[quote=livinincali]
Thirdly why aren’t there consumer protection laws that apply to medical services. If you go to the mechanic they have to give you a written estimate of the price. They can’t just demand that you pay them $2,000 to get your car back. Why aren’t medical providers held to this same regard when it comes to routine services. I understand emergency situations are somewhat different.[/quote]
I feel your pain, I really do. One of my kids had to have a surgical procedure a few years ago and we had a plan with a $10,000 deductible (this was before the ACA and I was consulting so had no employer-sponsored insurance). Since the surgeon had admitting privileges at two hospitals, I thought I’d call around to find out rates from each one. Ha! That never happened. Both hospitals said there was no possible way to give me even a ballpark idea of how much we’d pay for the surgery and associated costs like anesthesia. I asked if they could treat us as a cash patient since our 10k deductible basically made us uninsured for this procedure and even though they were willing to do that, the billing office told me they had no idea if the negotiated rate our carrier (BCBS) had for the surgery would be cheaper than the hospital’s cash rate. Part of the reason was that it was proprietary info (treating their negotiated rates like a closely guarded secret) but mostly they said their systems were not set up to estimate costs before a procedure. They said we needed to specify up front if we wanted to be treated as a cash patient or wanted them to submit to BCBS, where the charges would be adjudicated according to the BCBS negotiated fee structure, and then we’d pay our 10k share according to this fee schedule. There was no way to find out which was a better deal for us as consumers. We could only wait and see after the surgery the charges that were spit out of their system.

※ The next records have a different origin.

lemma infdist_Splus_le_vartheta_near_no_zero_row:
  fixes Xs :: "real^'r^'n"
  assumes Xs: "Xs \<in> Splus" and rows: "\<not> has_zero_row Xs"
  shows "\<exists>\<delta>>0. \<forall>X\<in>Stiefel. norm (X - Xs) \<le> \<delta> \<longrightarrow>
           infdist X Splus \<le> 5 / min_nonzero_entry Xs * vartheta X"
proof -
  define m where "m = min_nonzero_entry Xs"
  have m: "0 < m" "m \<le> 1" "\<And>i j. Xs $ i $ j \<noteq> 0 \<Longrightarrow> m \<le> Xs $ i $ j"
    unfolding m_def using min_nonzero_entry_Splus[OF Xs] by auto
  obtain c where c: "\<And>l. Xs $ l $ c l \<noteq> 0"
    using rows unfolding has_zero_row_def by metis
  have off_c: "Xs $ l $ k = 0" if "k \<noteq> c l" for l k
    using Splus_column_supports_disjoint[OF Xs _ c] that by blast
  have "surj c" unfolding surj_def
  proof
    fix k
    have "column k Xs \<noteq> 0" using Xs by (simp add: Splus_def Stiefel_column_nonzero)
    then obtain l where "Xs $ l $ k \<noteq> 0" by (auto simp: vec_eq_iff column_def)
    then show "\<exists>l. k = c l" using off_c by metis
  qed
  define \<delta> where "\<delta> = m / 6"
  show ?thesis unfolding m_def[symmetric]
  proof (intro exI[of _ \<delta>] conjI ballI impI)
    show "0 < \<delta>" using m by (simp add: \<delta>_def)
    fix X assume X: "X \<in> Stiefel" and near: "norm (X - Xs) \<le> \<delta>"
    have near_entry: "\<bar>X $ l $ k - Xs $ l $ k\<bar> \<le> \<delta>" for l k
      using abs_entry_le_norm[of "X - Xs" l k] near by simp
    have on_c: "m - \<delta> \<le> X $ l $ c l" for l
      using near_entry[of l "c l"] m(3)[OF c[of l]] by linarith
    have pos: "0 < X $ l $ c l" for l
      using on_c[of l] m by (simp add: \<delta>_def)
    have off: "\<bar>X $ l $ k\<bar> \<le> \<delta>" if "k \<noteq> c l" for l k
      using near_entry[of l k] off_c[OF that] by simp
    define P where "P = (\<Sum>l\<in>UNIV. \<Sum>k\<in>UNIV - {c l}. max (X $ l $ k) 0)"
    define N where "N = (\<Sum>l\<in>UNIV. \<Sum>k\<in>UNIV - {c l}. max 0 (- X $ l $ k))"
    have mass: "(2 * m - 3 * \<delta>) * P \<le> (2 + \<delta>) * N"
      unfolding P_def N_def using X on_c off by (rule Stiefel_off_pattern_mass)
    have "\<bar>x\<bar> = max x 0 + max 0 (- x)" for x :: real by auto
    then have "infdist X Splus \<le> 2 * (P + N)"
      using infdist_Splus_le_off_pattern[OF X \<open>surj c\<close> pos] by (simp add: P_def N_def sum.distrib)
    have "N \<le> vartheta X"
      unfolding N_def vartheta_def by (intro sum_mono sum_mono2) auto
    have "0 \<le> P" "0 \<le> N"
      unfolding P_def N_def by (auto intro!: sum_nonneg)
    have "m * N \<le> N" using mult_right_mono[OF m(2) \<open>0 \<le> N\<close>] by simp
    moreover have "(3 / 2) * (m * P) \<le> 2 * N + (m * N) / 6"
      using mass by (simp add: \<delta>_def algebra_simps)
    ultimately have "m * (2 * (P + N)) \<le> 5 * N"
      using \<open>0 \<le> N\<close> by (simp add: algebra_simps)
    then have "2 * (P + N) \<le> 5 / m * N"
      using m(1) by (simp add: field_simps)
    also have "\<dots> \<le> 5 / m * vartheta X"
      using \<open>N \<le> vartheta X\<close> m(1) by (intro mult_left_mono) auto
    finally show "infdist X Splus \<le> 5 / m * vartheta X"
      using \<open>infdist X Splus \<le> 2 * (P + N)\<close> by simp
  qed
qed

Crazy that the consumer just has to blindly go in to have surgery without any idea of the charges. We’re lucky that we’re in a position to cover any costs and had obviously enrolled in the high deductible health plan with eyes wide open to our risk, but for many, that kind of plan was all they could afford at the time (pre-ACA). Even now, many people face the same issue. For those people, trying to do the right thing by being insured, it’s a huge blow to be handed a bill for thousands of dollars with no ability to predict or budget beforehand. Many surgeries, although medically necessary, are technically elective so someone in a different financial position than ours may have opted to put it off until they could budget for it or had a different insurance plan. But again, no one would have been able to give them the tools to arrive at an estimate.
I’ve been in the health insurance/managed care industry a long time, and for many years the industry buzz has been all about empowering consumers to make better/wiser/more efficient health care decisions, yet the health delivery system does not have the tools or more accurately, is not willing to use the tools on behalf of the consumer, to get us all the way there. This is something that the ACA will help do but getting there will be a long time coming, in tiny baby steps.